In Taj Mahal's mind, music has never been something that could simply be put away and forgotten.

At 84 years old, the multi-hyphenate creative and blues music torchbearer, born Henry St. Claire Fredericks Jr., is still creating, still touring and still actively seeking out new ways to draw connections between the generations of musicians, and traditions, that shaped him.

This is exemplified at its peak by his recently released album, Time, which serves both as a continuation of that lifelong journey and a conscious reflection on the decades he has spent preserving the roots of American music.

Reverence is woven into the fabric of Time, and the album's title track carries a particularly meaningful history: a previously unreleased song written by his longtime friend, Bill Withers. "He was my brother and my buddy," Mahal tells PEOPLE of the late Withers, who died on March 30, 2020. "We saw a lot eye-to-eye because we were different players in the music scene."

'Time' by Taj Mahal & the Phantom Blues BandCredit: Resonatin' Records/Thirty Tigers
'Time' by Taj Mahal & the Phantom Blues Band
Credit: Resonatin’ Records/Thirty Tigers

Mahal says the pull of that track was simple in that it accurately exemplified the same ethos that keeps Withers' music in the conversation to this day: creating something timeless and devoid of trends.

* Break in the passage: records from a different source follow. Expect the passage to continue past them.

(* In the multi-agent combinatorial-actions contract model (described in the context), suppose the reward function $f$ is submodular. Let $\boldsymbol{\alpha}\in\mathbb{R}_{\ge0}^A$ be a contract and let $S\subseteq T$ be subset-stable with respect to $\boldsymbol{\alpha}$, such that $S\cap T_i=\emptyset$ for every agent $i$ with $\alpha_i=0$. Then every pure Nash equilibrium $S^\dagger$ with respect to the contract $2\boldsymbol{\alpha}$ satisfies $f(S^\dagger)\ge\frac12f(S)$.
   Context: Model: principal and agents $A=[n]$; each agent $i$ has a finite action set $T_i$ (pairwise disjoint), $T=\bigsqcup_iT_i$, costs $c_j\ge0$, $c(S_i)=\sum_{j\in S_i}c_j$. Reward $f:2^T\to[0,1]$ monotone, $f(\emptyset)=0$; submodular means $f(S'\cup\{a\})-f(S')\ge f(S\cup\{a\})-f(S)$ for $S'\subseteq S$, $a\notin S$. For a profile $S\subseteq T$ write $S_i=S\cap T_i$, $S_{-i}=S\setminus S_i$. Under a contract $\boldsymbol{\alpha}$ agent $i$'s utility is $\alpha_if(S)-c(S_i)$; $S$ is a pure Nash equilibrium of $\boldsymbol{\alpha}$ if for every $i$ and every $S'_i\subseteq T_i$, $\alpha_if(S_i\sqcup S_{-i})-c(S_i)\ge\alpha_if(S'_i\sqcup S_{-i})-c(S'_i)$. $S$ is subset-stable with respect to $\boldsymbol{\alpha}$ if the same inequality holds for every $i$ and every $S'_i\subseteq S_i$. *)

theory Defs
  imports Main "HOL-Library.FuncSet" Complex_Main
begin

definition ground :: "'i set \<Rightarrow> ('i \<Rightarrow> 'a set) \<Rightarrow> 'a set" where
  "ground A T = (\<Union>i\<in>A. T i)"

definition cost :: "('a \<Rightarrow> real) \<Rightarrow> 'a set \<Rightarrow> real" where
  "cost c X = (\<Sum>j\<in>X. c j)"

definition valid_model ::
  "'i set \<Rightarrow> ('i \<Rightarrow> 'a set) \<Rightarrow> ('a \<Rightarrow> real) \<Rightarrow> ('a set \<Rightarrow> real) \<Rightarrow> bool" where
  "valid_model A T c f \<longleftrightarrow>
     finite A \<and> (\<forall>i\<in>A. finite (T i)) \<and>
     (\<forall>i\<in>A. \<forall>k\<in>A. i \<noteq> k \<longrightarrow> T i \<inter> T k = {}) \<and>
     (\<forall>j\<in>ground A T. c j \<ge> 0) \<and>
     f {} = 0 \<and>
     (\<forall>S\<subseteq>ground A T. 0 \<le> f S \<and> f S \<le> 1) \<and>
     (\<forall>S S'. S \<subseteq> S' \<and> S' \<subseteq> ground A T \<longrightarrow> f S \<le> f S')"

definition submodular :: "'a set \<Rightarrow> ('a set \<Rightarrow> real) \<Rightarrow> bool" where
  "submodular G f \<longleftrightarrow>
     (\<forall>S' S a. S' \<subseteq> S \<and> S \<subseteq> G \<and> a \<in> G \<and> a \<notin> S \<longrightarrow>
        f (S' \<union> {a}) - f S' \<ge> f (S \<union> {a}) - f S)"

definition utility ::
  "('i \<Rightarrow> 'a set) \<Rightarrow> ('a \<Rightarrow> real) \<Rightarrow> ('a set \<Rightarrow> real) \<Rightarrow> ('i \<Rightarrow> real) \<Rightarrow> 'i \<Rightarrow> 'a set \<Rightarrow> real" where
  "utility T c f \<alpha> i S = \<alpha> i * f S - cost c (S \<inter> T i)"

definition pure_NE ::
  "'i set \<Rightarrow> ('i \<Rightarrow> 'a set) \<Rightarrow> ('a \<Rightarrow> real) \<Rightarrow> ('a set \<Rightarrow> real) \<Rightarrow> ('i \<Rightarrow> real) \<Rightarrow> 'a set \<Rightarrow> bool" where
  "pure_NE A T c f \<alpha> S \<longleftrightarrow> S \<subseteq> ground A T \<and>
     (\<forall>i\<in>A. \<forall>Si'. Si' \<subseteq> T i \<longrightarrow>
        \<alpha> i * f (S \<inter> T i \<union> (S - T i)) - cost c (S \<inter> T i)
          \<ge> \<alpha> i * f (Si' \<union> (S - T i)) - cost c Si')"

definition subset_stable ::
  "'i set \<Rightarrow> ('i \<Rightarrow> 'a set) \<Rightarrow> ('a \<Rightarrow> real) \<Rightarrow> ('a set \<Rightarrow> real) \<Rightarrow> ('i \<Rightarrow> real) \<Rightarrow> 'a set \<Rightarrow> bool" where
  "subset_stable A T c f \<alpha> S \<longleftrightarrow> S \<subseteq> ground A T \<and>
     (\<forall>i\<in>A. \<forall>Si'. Si' \<subseteq> S \<inter> T i \<longrightarrow>
        \<alpha> i * f (S \<inter> T i \<union> (S - T i)) - cost c (S \<inter> T i)
          \<ge> \<alpha> i * f (Si' \<union> (S - T i)) - cost c Si')"

end

theory Submission
  imports Defs
begin

text \<open>For each agent \<open>i\<close> let \<open>D\<^sub>i = S\<^sub>i - S\<^sup>\<dagger>\<close>. Adding \<open>D\<^sub>i\<close> is an available deviation at the
equilibrium \<open>S\<^sup>\<dagger>\<close> of \<open>2\<alpha>\<close>, and dropping \<open>D\<^sub>i\<close> is a subset deviation at \<open>S\<close>; both are priced at
\<open>c(D\<^sub>i)\<close>, so \<open>2\<alpha>\<^sub>i (f(S\<^sup>\<dagger> \<union> D\<^sub>i) - f(S\<^sup>\<dagger>)) \<le> c(D\<^sub>i) \<le> \<alpha>\<^sub>i (f(S) - f(S - D\<^sub>i))\<close>; agents with
\<open>\<alpha>\<^sub>i = 0\<close> have \<open>D\<^sub>i = {}\<close>. Summing over the agents, submodularity bounds the sum of the
left-hand marginals from below by \<open>f(S\<^sup>\<dagger> \<union> S) - f(S\<^sup>\<dagger>)\<close> and that of the right-hand ones from
above by \<open>f(S) - f(S \<inter> S\<^sup>\<dagger>) \<le> f(S)\<close>, whence \<open>2(f(S) - f(S\<^sup>\<dagger>)) \<le> f(S)\<close> by monotonicity.\<close>

lemma valid_model_mono_on:
  assumes "valid_model A T c f"
  shows "mono_on (Pow (ground A T)) f"
  using assms unfolding valid_model_def by (auto intro: mono_onI)

lemma submodular_marginal_antimono:
  assumes sub: "submodular G f" and mono: "mono_on (Pow G) f"
    and "X \<subseteq> Y" "Y \<subseteq> G" "b \<in> G"
  shows "f (Y \<union> {b}) - f Y \<le> f (X \<union> {b}) - f X"
proof (cases "b \<in> Y")
  case True
  then have "Y \<union> {b} = Y" by auto
  moreover have "f X \<le> f (X \<union> {b})"
    using assms by (intro mono_onD[OF mono]) auto
  ultimately show ?thesis by simp
next
  case False
  then show ?thesis using sub assms unfolding submodular_def by blast
qed

lemma submodular_set_marginal_antimono:
  assumes sub: "submodular G f" and mono: "mono_on (Pow G) f"
    and "finite B" "B \<subseteq> G" "X \<subseteq> Y" "Y \<subseteq> G"
  shows "f (Y \<union> B) - f Y \<le> f (X \<union> B) - f X"
  using assms(3-)
proof (induction B arbitrary: X Y rule: finite_induct)
  case empty
  then show ?case by simp
next
  case (insert b B)
  have "f ((Y \<union> B) \<union> {b}) - f (Y \<union> B) \<le> f ((X \<union> B) \<union> {b}) - f (X \<union> B)"
    using insert.prems by (intro submodular_marginal_antimono[OF sub mono]) auto
  moreover have "f (Y \<union> B) - f Y \<le> f (X \<union> B) - f X"
    using insert by auto
  ultimately show ?case by simp
qed

lemma submodular_marginal_UNION_le_sum:
  assumes sub: "submodular G f" and mono: "mono_on (Pow G) f"
    and "finite I" "X \<subseteq> G" "\<And>i. i \<in> I \<Longrightarrow> finite (P i) \<and> P i \<subseteq> G"
  shows "f (X \<union> (\<Union>i\<in>I. P i)) - f X \<le> (\<Sum>i\<in>I. f (X \<union> P i) - f X)"
  using assms(3-)
proof (induction I rule: finite_induct)
  case empty
  then show ?case by simp
next
  case (insert k I)
  have "f ((X \<union> (\<Union>i\<in>I. P i)) \<union> P k) - f (X \<union> (\<Union>i\<in>I. P i)) \<le> f (X \<union> P k) - f X"
    using insert.prems by (intro submodular_set_marginal_antimono[OF sub mono]) auto
  moreover have "X \<union> (\<Union>i\<in>insert k I. P i) = (X \<union> (\<Union>i\<in>I. P i)) \<union> P k" by auto
  ultimately show ?case using insert by simp
qed

lemma submodular_sum_removal_le_removal_UNION:
  assumes sub: "submodular G f" and mono: "mono_on (Pow G) f"
    and "finite I" "Z \<subseteq> G" "\<And>i. i \<in> I \<Longrightarrow> finite (D i) \<and> D i \<subseteq> Z"
    and disj: "\<And>i k. i \<in> I \<Longrightarrow> k \<in> I \<Longrightarrow> i \<noteq> k \<Longrightarrow> D i \<inter> D k = {}"
  shows "(\<Sum>i\<in>I. f Z - f (Z - D i)) \<le> f Z - f (Z - (\<Union>i\<in>I. D i))"
  using assms(3-)
proof (induction I rule: finite_induct)
  case empty
  then show ?case by simp
next
  case (insert k I)
  let ?R = "Z - (\<Union>i\<in>insert k I. D i)"
  have "f ((Z - D k) \<union> D k) - f (Z - D k) \<le> f (?R \<union> D k) - f ?R"
    using insert.prems(1,2) by (intro submodular_set_marginal_antimono[OF sub mono]) auto
  moreover have "(Z - D k) \<union> D k = Z"
    using insert.prems(2) by auto
  moreover have "?R \<union> D k = Z - (\<Union>i\<in>I. D i)"
    using insert.prems insert.hyps(2) by fastforce
  ultimately show ?case using insert by simp
qed

lemma submodular_le_twice_of_part_marginals:
  assumes sub: "submodular G f" and mono: "mono_on (Pow G) f"
    and nonneg: "\<And>X. X \<subseteq> G \<Longrightarrow> 0 \<le> f X"
    and "finite I" "S \<subseteq> G" "S' \<subseteq> G"
    and parts: "\<And>i. i \<in> I \<Longrightarrow> finite (D i) \<and> D i \<subseteq> S"
    and disj: "\<And>i k. i \<in> I \<Longrightarrow> k \<in> I \<Longrightarrow> i \<noteq> k \<Longrightarrow> D i \<inter> D k = {}"
    and cover: "(\<Union>i\<in>I. D i) = S - S'"
    and double: "\<And>i. i \<in> I \<Longrightarrow> 2 * (f (S' \<union> D i) - f S') \<le> f S - f (S - D i)"
  shows "f S \<le> 2 * f S'"
proof -
  have "\<And>i. i \<in> I \<Longrightarrow> finite (D i) \<and> D i \<subseteq> G"
    using parts \<open>S \<subseteq> G\<close> by blast
  then have "f (S' \<union> S) - f S' \<le> (\<Sum>i\<in>I. f (S' \<union> D i) - f S')"
    using submodular_marginal_UNION_le_sum[where P = D, OF sub mono \<open>finite I\<close> \<open>S' \<subseteq> G\<close>]
    unfolding cover Un_Diff_cancel by blast
  moreover have "(\<Sum>i\<in>I. f S - f (S - D i)) \<le> f S - f (S \<inter> S')"
    using submodular_sum_removal_le_removal_UNION[where D = D, OF sub mono \<open>finite I\<close> \<open>S \<subseteq> G\<close> parts disj]
    unfolding cover Diff_Diff_Int .
  moreover have "2 * (\<Sum>i\<in>I. f (S' \<union> D i) - f S') \<le> (\<Sum>i\<in>I. f S - f (S - D i))"
    unfolding sum_distrib_left by (intro sum_mono double)
  moreover have "f S \<le> f (S' \<union> S)"
    using \<open>S \<subseteq> G\<close> \<open>S' \<subseteq> G\<close> by (intro mono_onD[OF mono]) auto
  moreover have "0 \<le> f (S \<inter> S')"
    using \<open>S \<subseteq> G\<close> by (intro nonneg) auto
  ultimately show ?thesis by linarith
qed

lemma cost_union_disjoint:
  "finite X \<Longrightarrow> finite Y \<Longrightarrow> X \<inter> Y = {} \<Longrightarrow> cost c (X \<union> Y) = cost c X + cost c Y"
  unfolding cost_def by (rule sum.union_disjoint)

lemma pure_NE_add_actions_bound:
  assumes "pure_NE A T c f \<beta> S" "i \<in> A" "finite (T i)" "D \<subseteq> T i - S"
  shows "\<beta> i * (f (S \<union> D) - f S) \<le> cost c D"
proof -
  have "S \<inter> T i \<union> D \<subseteq> T i" using assms(4) by auto
  then have "\<beta> i * f (S \<inter> T i \<union> (S - T i)) - cost c (S \<inter> T i)
      \<ge> \<beta> i * f ((S \<inter> T i \<union> D) \<union> (S - T i)) - cost c (S \<inter> T i \<union> D)"
    using assms(1,2) unfolding pure_NE_def by simp
  moreover have "S \<inter> T i \<union> (S - T i) = S" "(S \<inter> T i \<union> D) \<union> (S - T i) = S \<union> D"
    using assms(4) by auto
  moreover have "cost c (S \<inter> T i \<union> D) = cost c (S \<inter> T i) + cost c D"
    using assms(3,4) by (intro cost_union_disjoint) (auto intro: finite_subset)
  ultimately show ?thesis by (simp add: algebra_simps)
qed

lemma subset_stable_drop_actions_bound:
  assumes "subset_stable A T c f \<alpha> S" "i \<in> A" "finite (T i)" "D \<subseteq> S \<inter> T i"
  shows "cost c D \<le> \<alpha> i * (f S - f (S - D))"
proof -
  have "S \<inter> T i - D \<subseteq> S \<inter> T i" by auto
  then have "\<alpha> i * f (S \<inter> T i \<union> (S - T i)) - cost c (S \<inter> T i)
      \<ge> \<alpha> i * f ((S \<inter> T i - D) \<union> (S - T i)) - cost c (S \<inter> T i - D)"
    using assms(1,2) unfolding subset_stable_def by simp
  moreover have "S \<inter> T i \<union> (S - T i) = S" "(S \<inter> T i - D) \<union> (S - T i) = S - D"
    using assms(4) by auto
  moreover have "cost c (S \<inter> T i) = cost c (S \<inter> T i - D) + cost c D"
  proof -
    have "finite D" using assms(3,4) finite_subset by blast
    then have "cost c ((S \<inter> T i - D) \<union> D) = cost c (S \<inter> T i - D) + cost c D"
      using assms(3) by (intro cost_union_disjoint) auto
    moreover have "(S \<inter> T i - D) \<union> D = S \<inter> T i" using assms(4) by auto
    ultimately show ?thesis by simp
  qed
  ultimately show ?thesis by (simp add: algebra_simps)
qed

lemma agent_marginal_doubling:
  assumes "valid_model A T c f" "i \<in> A" "\<alpha> i \<ge> 0" "\<alpha> i = 0 \<longrightarrow> S \<inter> T i = {}"
    and "subset_stable A T c f \<alpha> S" "pure_NE A T c f (\<lambda>i. 2 * \<alpha> i) Sd"
  defines "D \<equiv> S \<inter> T i - Sd"
  shows "2 * (f (Sd \<union> D) - f Sd) \<le> f S - f (S - D)"
proof (cases "\<alpha> i = 0")
  case True
  then show ?thesis using assms(4) by (simp add: D_def)
next
  case False
  have "finite (T i)" using assms(1,2) by (simp add: valid_model_def)
  moreover have "D \<subseteq> T i - Sd" "D \<subseteq> S \<inter> T i" by (auto simp: D_def)
  ultimately have "2 * \<alpha> i * (f (Sd \<union> D) - f Sd) \<le> cost c D"
    and "cost c D \<le> \<alpha> i * (f S - f (S - D))"
    using pure_NE_add_actions_bound[OF assms(6,2)] subset_stable_drop_actions_bound[OF assms(5,2)]
    by simp_all
  then have "\<alpha> i * (2 * (f (Sd \<union> D) - f Sd)) \<le> \<alpha> i * (f S - f (S - D))"
    by (simp add: algebra_simps)
  then show ?thesis using False assms(3) by simp
qed

theorem lemma2p3:
  fixes A :: "'i set" and T :: "'i \<Rightarrow> 'a set" and c :: "'a \<Rightarrow> real"
    and f :: "'a set \<Rightarrow> real" and \<alpha> :: "'i \<Rightarrow> real" and S Sd :: "'a set"
  assumes "valid_model A T c f"
    and "submodular (ground A T) f"
    and "\<forall>i\<in>A. \<alpha> i \<ge> 0"
    and "subset_stable A T c f \<alpha> S"
    and "\<forall>i\<in>A. \<alpha> i = 0 \<longrightarrow> S \<inter> T i = {}"
    and "pure_NE A T c f (\<lambda>i. 2 * \<alpha> i) Sd"
  shows "f Sd \<ge> f S / 2"
proof -
  let ?G = "ground A T"
  have "S \<subseteq> ?G" "Sd \<subseteq> ?G"
    using assms(4,6) unfolding subset_stable_def pure_NE_def by auto
  have "finite A" and fin: "\<And>i. i \<in> A \<Longrightarrow> finite (T i)"
    and disj: "\<And>i k. i \<in> A \<Longrightarrow> k \<in> A \<Longrightarrow> i \<noteq> k \<Longrightarrow> T i \<inter> T k = {}"
    and nonneg: "\<And>X. X \<subseteq> ?G \<Longrightarrow> 0 \<le> f X"
    using assms(1) unfolding valid_model_def by auto
  have "f S \<le> 2 * f Sd"
  proof (rule submodular_le_twice_of_part_marginals
      [where D = "\<lambda>i. S \<inter> T i - Sd", OF assms(2) valid_model_mono_on[OF assms(1)] nonneg
        \<open>finite A\<close> \<open>S \<subseteq> ?G\<close> \<open>Sd \<subseteq> ?G\<close>])
    show "(\<Union>i\<in>A. S \<inter> T i - Sd) = S - Sd"
      using \<open>S \<subseteq> ?G\<close> by (auto simp: ground_def)
    show "2 * (f (Sd \<union> (S \<inter> T i - Sd)) - f Sd) \<le> f S - f (S - (S \<inter> T i - Sd))" if "i \<in> A" for i
      using agent_marginal_doubling[OF assms(1) that _ _ assms(4,6)] assms(3,5) that by blast
  qed (use fin disj in auto)
  then show ?thesis by simp
qed

end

"Every time he played music, he came up with something different and something new, which is really rare," Mahal says. "You can walk up to a new piece of music that an artist composes or writes, and then you don't know what to do because you don't have no link between the last one that you heard."

Though Mahal's weathered, warm and instantly recognizable voice remains the guiding force on Time, the generational singer-songwriter also brought the Phantom Blues Band — with whom he had collaborated on the Grammy-winning Señor Blues (1997) and Shoutin' in Key (2000) — along for the ride.

For Mahal, Time represents exactly the kind of openness his late friend Withers provided the world. By creating this particular body of work, he has extended an invitation for listeners to hear beyond categories and recognize the deeper connections between musical traditions.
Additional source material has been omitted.